MATERIAL PROVIDED:
+++
lemma separating_coords_subset:
  assumes "e \<in> E" "f \<in> E"
  shows "separating_coords e f \<subseteq> edge_coord ` E"
proof
  fix i assume i: "i \<in> separating_coords e f"
  obtain a x where "a \<in> e" "x \<in> f"
    using assms edge_nonempty by blast
  moreover from this have "i \<in> sym_diff (\<phi> a) (\<phi> x)"
    using i unfolding separating_coords_def by blast
  moreover have "reachable V E a x"
    using connected assms edge_subset \<open>a \<in> e\<close> \<open>x \<in> f\<close> by (auto simp: connected_graph_def)
  ultimately have "coord_class i \<noteq> {}"
    using bit_invariant_off_coord_class[of i a x] by (auto simp: reachable_iff_rtranclp_adjacent)
  then show "i \<in> edge_coord ` E"
    by (auto simp: coord_class_def)
qed

lemma delta_coord_class:
  assumes "e \<in> E" "f \<in> E"
  shows "delta V E (coord_class i) e f = (if i \<in> separating_coords e f then 1 else 0)"
proof -
  have "(\<exists>u\<in>V. \<exists>u'\<in>V. halfspace i u \<noteq> halfspace i u' \<and> e \<in> E - coord_class i \<and> e \<subseteq> halfspace i u
      \<and> f \<in> E - coord_class i \<and> f \<subseteq> halfspace i u') \<longleftrightarrow> i \<in> separating_coords e f"
  proof
    assume "\<exists>u\<in>V. \<exists>u'\<in>V. halfspace i u \<noteq> halfspace i u' \<and> e \<in> E - coord_class i \<and> e \<subseteq> halfspace i u
      \<and> f \<in> E - coord_class i \<and> f \<subseteq> halfspace i u'"
    then obtain u u' where "halfspace i u \<noteq> halfspace i u'" "e \<subseteq> halfspace i u" "f \<subseteq> halfspace i u'"
      by blast
    have "halfspace i u = halfspace i u'" if "i \<in> \<phi> u \<longleftrightarrow> i \<in> \<phi> u'"
      using that unfolding halfspace_def by simp
    with \<open>halfspace i u \<noteq> halfspace i u'\<close> have "i \<in> \<phi> u \<longleftrightarrow> i \<notin> \<phi> u'"
      by blast
    moreover have "i \<in> \<phi> a \<longleftrightarrow> i \<in> \<phi> u" if "a \<in> e" for a
      using that \<open>e \<subseteq> halfspace i u\<close> unfolding halfspace_def by blast
    moreover have "i \<in> \<phi> x \<longleftrightarrow> i \<in> \<phi> u'" if "x \<in> f" for x
      using that \<open>f \<subseteq> halfspace i u'\<close> unfolding halfspace_def by blast
    ultimately show "i \<in> separating_coords e f"
      unfolding separating_coords_def by simp
  next
    assume i: "i \<in> separating_coords e f"
    obtain a x where "a \<in> e" "x \<in> f"
      using assms edge_nonempty by blast
    have opposite: "i \<in> \<phi> a' \<longleftrightarrow> i \<notin> \<phi> x'" if "a' \<in> e" "x' \<in> f" for a' x'
      using i that unfolding separating_coords_def by blast
    have same_e: "\<forall>a'\<in>e. \<forall>b\<in>e. i \<in> \<phi> a' \<longleftrightarrow> i \<in> \<phi> b"
      using opposite \<open>x \<in> f\<close> by blast
    have same_f: "\<forall>x'\<in>f. \<forall>y\<in>f. i \<in> \<phi> x' \<longleftrightarrow> i \<in> \<phi> y"
      using opposite \<open>a \<in> e\<close> by blast
    have "e \<subseteq> halfspace i a" "f \<subseteq> halfspace i x"
      using same_e same_f \<open>a \<in> e\<close> \<open>x \<in> f\<close> edge_subset[OF assms(1)] edge_subset[OF assms(2)]
      unfolding halfspace_def by blast+
    moreover have "halfspace i a \<noteq> halfspace i x"
      using opposite[OF \<open>a \<in> e\<close> \<open>x \<in> f\<close>] \<open>e \<subseteq> halfspace i a\<close> \<open>a \<in> e\<close>
      unfolding halfspace_def by blast
    moreover have "a \<in> V" "x \<in> V"
      using \<open>a \<in> e\<close> \<open>x \<in> f\<close> assms edge_subset by auto
    moreover have "edge_coord e \<noteq> i" "edge_coord f \<noteq> i"
      using same_bit_on_edge_iff assms same_e same_f by blast+
    then have "e \<in> E - coord_class i \<and> f \<in> E - coord_class i"
      using assms by (simp add: coord_class_def)
    ultimately show "\<exists>u\<in>V. \<exists>u'\<in>V. halfspace i u \<noteq> halfspace i u' \<and> e \<in> E - coord_class i
      \<and> e \<subseteq> halfspace i u \<and> f \<in> E - coord_class i \<and> f \<subseteq> halfspace i u'"
      by (intro bexI[of _ a] bexI[of _ x] conjI) simp_all
  qed
  then show ?thesis
    unfolding delta_def components_minus_coord_class by simp
qed

lemma edge_dist_eq_sum_delta:
  assumes "e \<in> E" "f \<in> E"
  shows "edge_dist V E e f = (\<Sum>F\<in>Theta_classes V E. delta V E F e f)"
proof -
  have "(\<Sum>F\<in>Theta_classes V E. delta V E F e f) = (\<Sum>i\<in>edge_coord ` E. delta V E (coord_class i) e f)"
    unfolding Theta_classes_eq by (rule sum.reindex[OF inj_on_coord_class, unfolded comp_def])
  also have "\<dots> = card (edge_coord ` E \<inter> separating_coords e f)"
    using finite_edges by (simp add: delta_coord_class assms sum.If_cases)
  also have "\<dots> = card (separating_coords e f)"
    using separating_coords_subset[OF assms] by (simp add: Int_absorb1)
  finally show ?thesis
    using edge_dist_eq_card_separating_coords[OF assms] by simp
qed

end

theorem lemma3p2:
  fixes V :: "'a set" and E :: "'a set set"
  assumes "partial_cube V E" and "connected_graph V E"
    and "e \<in> E" and "f \<in> E"
  shows "edge_dist V E e f = (\<Sum>F\<in>Theta_classes V E. delta V E F e f)"
proof -
  obtain n :: nat and \<phi> :: "'a \<Rightarrow> nat set"
    where "simple_graph V E" "\<forall>v\<in>V. \<phi> v \<subseteq> {..<n}"
      and "\<forall>u\<in>V. \<forall>v\<in>V. gdist V E u v = card (sym_diff (\<phi> u) (\<phi> v))"
    using assms(1) unfolding partial_cube_def by blast
  then interpret cube_embedding V E \<phi>
    using assms(2) by unfold_locales (auto intro: finite_subset)
  show ?thesis
    using assms(3,4) by (rule edge_dist_eq_sum_delta)
qed

end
+++
WORK TASK:
Once you have located every line with the word "also" in the material above, list those lines.

EXERCISE ANSWER:
  also have "\<dots> = card (edge_coord ` E \<inter> separating_coords e f)"
  also have "\<dots> = card (separating_coords e f)"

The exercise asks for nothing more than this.